Stored data entries:
━━━━━━━━

lemma rho_linepath_le_near_diagonal:
  assumes "\<alpha> < 1" "x \<noteq> y" "0 < \<theta>" "0 \<le> s" "s < t" "t \<le> 1"
    and near: "norm (linepath x y s - linepath x y t)
      \<le> \<theta> / (2 * (1 + \<theta>)) * min (norm (linepath x y s)) (norm (linepath x y t))"
  defines "P \<equiv> radial_primitive \<alpha> (norm x + norm y) x y"
  shows "rho (linepath x y s) (linepath x y t) \<le> (1 + \<theta>) * (P s - P t)"
proof -
  have "norm (linepath x y s - linepath x y t) \<noteq> 0"
    using assms(2,5) by (simp add: norm_linepath_diff)
  then have "linepath x y s \<noteq> linepath x y t" by auto
  then have "rho (linepath x y s) (linepath x y t) \<le> (1 + \<theta>) *
      (norm (linepath x y s - linepath x y t) *
       max (norm (linepath x y s)) (norm (linepath x y t)) powr (- \<alpha>))"
    using rho_le_near_diagonal[OF assms(3) _ near] by (simp add: mult.assoc)
  also have "\<dots> \<le> (1 + \<theta>) * (P s - P t)"
    unfolding P_def using assms alpha_pos norm_linepath_le[of s x y] norm_linepath_le[of t x y]
    by (intro mult_left_mono linepath_step_le_radial_primitive) auto
  finally show ?thesis .
qed

lemma rho_linepath_step_le:
  assumes "\<alpha> < 1" "x \<noteq> y" "0 < \<theta>" "0 \<le> s" "s < t" "t \<le> 1"
    and R: "norm (x - y) * (t - s) * (1 + 2 * (1 + \<theta>) / \<theta>) \<le> R"
  defines "P \<equiv> radial_primitive \<alpha> (norm x + norm y) x y"
  shows "rho (linepath x y s) (linepath x y t) \<le>
    (1 + \<theta>) * (P s - P t) + 2 / M 0 1 * (radial_primitive \<alpha> R x y s - radial_primitive \<alpha> R x y t)"
proof -
  define z where "z = linepath x y s"
  define w where "w = linepath x y t"
  have "0 < M 0 1" using M_pos[of 0 1] by simp
  have "0 \<le> P s - P t" "0 \<le> radial_primitive \<alpha> R x y s - radial_primitive \<alpha> R x y t"
    using assms(1,5) by (simp_all add: P_def radial_primitive_antimono)
  show ?thesis
  proof (cases "norm (z - w) \<le> \<theta> / (2 * (1 + \<theta>)) * min (norm z) (norm w)")
    case True
    then have "rho z w \<le> (1 + \<theta>) * (P s - P t)"
      unfolding P_def z_def w_def by (rule rho_linepath_le_near_diagonal[OF assms(1-6)])
    then show ?thesis
      using \<open>0 < M 0 1\<close> \<open>0 \<le> radial_primitive \<alpha> R x y s - radial_primitive \<alpha> R x y t\<close>
      by (simp add: z_def w_def add_increasing2)
  next
    case False
    have "max (norm z) (norm w) \<le> norm (z - w) * (1 + 1 / (\<theta> / (2 * (1 + \<theta>))))"
      using False assms(3) by (intro max_norm_le_if_not_near) auto
    also have "\<dots> \<le> R"
      using R assms(5) by (simp add: z_def w_def norm_linepath_diff mult_ac)
    finally have "rho z w \<le> 2 / M 0 1 * (radial_primitive \<alpha> R x y s - radial_primitive \<alpha> R x y t)"
      unfolding z_def w_def using assms by (intro rho_linepath_le) auto
    then show ?thesis
      using \<open>0 \<le> P s - P t\<close> assms(3) by (simp add: z_def w_def add_increasing)
  qed
qed
(* Let $n\ge1$ and $m\in\mathbb{N}$. Let $\mathcal{Q}_m=\bigoplus_{t=0}^m H_t\subseteq H^2(\mathbb{T}^n)$ and let $p\in H_m$ be a homogeneous polynomial of degree $m$ with $\|p\|_2=1$. Then the operator $S_p=P_{\mathcal{Q}_m}T_p|_{\mathcal{Q}_m}$ admits a lift, i.e. there exists $\varphi\in\mathcal{S}(\mathbb{D}^n)$ with $S_p=P_{\mathcal{Q}_m}T_\varphi|_{\mathcal{Q}_m}$, if and only if $p$ is a unimodular constant multiple of a monomial.
   Context: $H_t\subseteq\mathbb{C}[z_1,\dots,z_n]$ is the space of homogeneous polynomials of degree $t$, viewed as a subspace of the Hardy space $H^2(\mathbb{T}^n)$ (closed subspace of $L^2(\mathbb{T}^n,\mu)$, $\mu$ normalized Lebesgue measure, of functions with Fourier coefficients supported in $\mathbb{Z}_+^n$); thus $\mathcal{Q}_m$ is the space of polynomials of degree at most $m$, which is invariant under all $T_{z_i}^*$. $\|\cdot\|_2$ is the $H^2$ norm, $T_\varphi f=\varphi f$, $P_{\mathcal{Q}_m}$ the orthogonal projection onto $\mathcal{Q}_m$, and $\mathcal{S}(\mathbb{D}^n)$ the closed unit ball of $H^\infty(\mathbb{D}^n)$ (sup norm). *)

theory Defs
  imports "HOL-Analysis.Analysis"
begin

(* Multi-indices in Z_+^n are functions 'n => nat, with 'n a finite (nonempty) index type,
   so n = CARD('n) >= 1.  An element of H^2(T^n) (resp. a power series on D^n) is
   represented by its family of Fourier/Taylor coefficients ('n => nat) => complex. *)

type_synonym 'n mindex = "'n \<Rightarrow> nat"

━━━━━━━━

YOUR ASSIGNMENT:
Among the entries above, find the line with "(norm w) \<le>" and the line with "using R assms(5)"; give again exactly these two lines and all lines between them.

ANSWER TO THIS EXERCISE:
    have "max (norm z) (norm w) \<le> norm (z - w) * (1 + 1 / (\<theta> / (2 * (1 + \<theta>))))"
      using False assms(3) by (intro max_norm_le_if_not_near) auto
    also have "\<dots> \<le> R"
      using R assms(5) by (simp add: z_def w_def norm_linepath_diff mult_ac)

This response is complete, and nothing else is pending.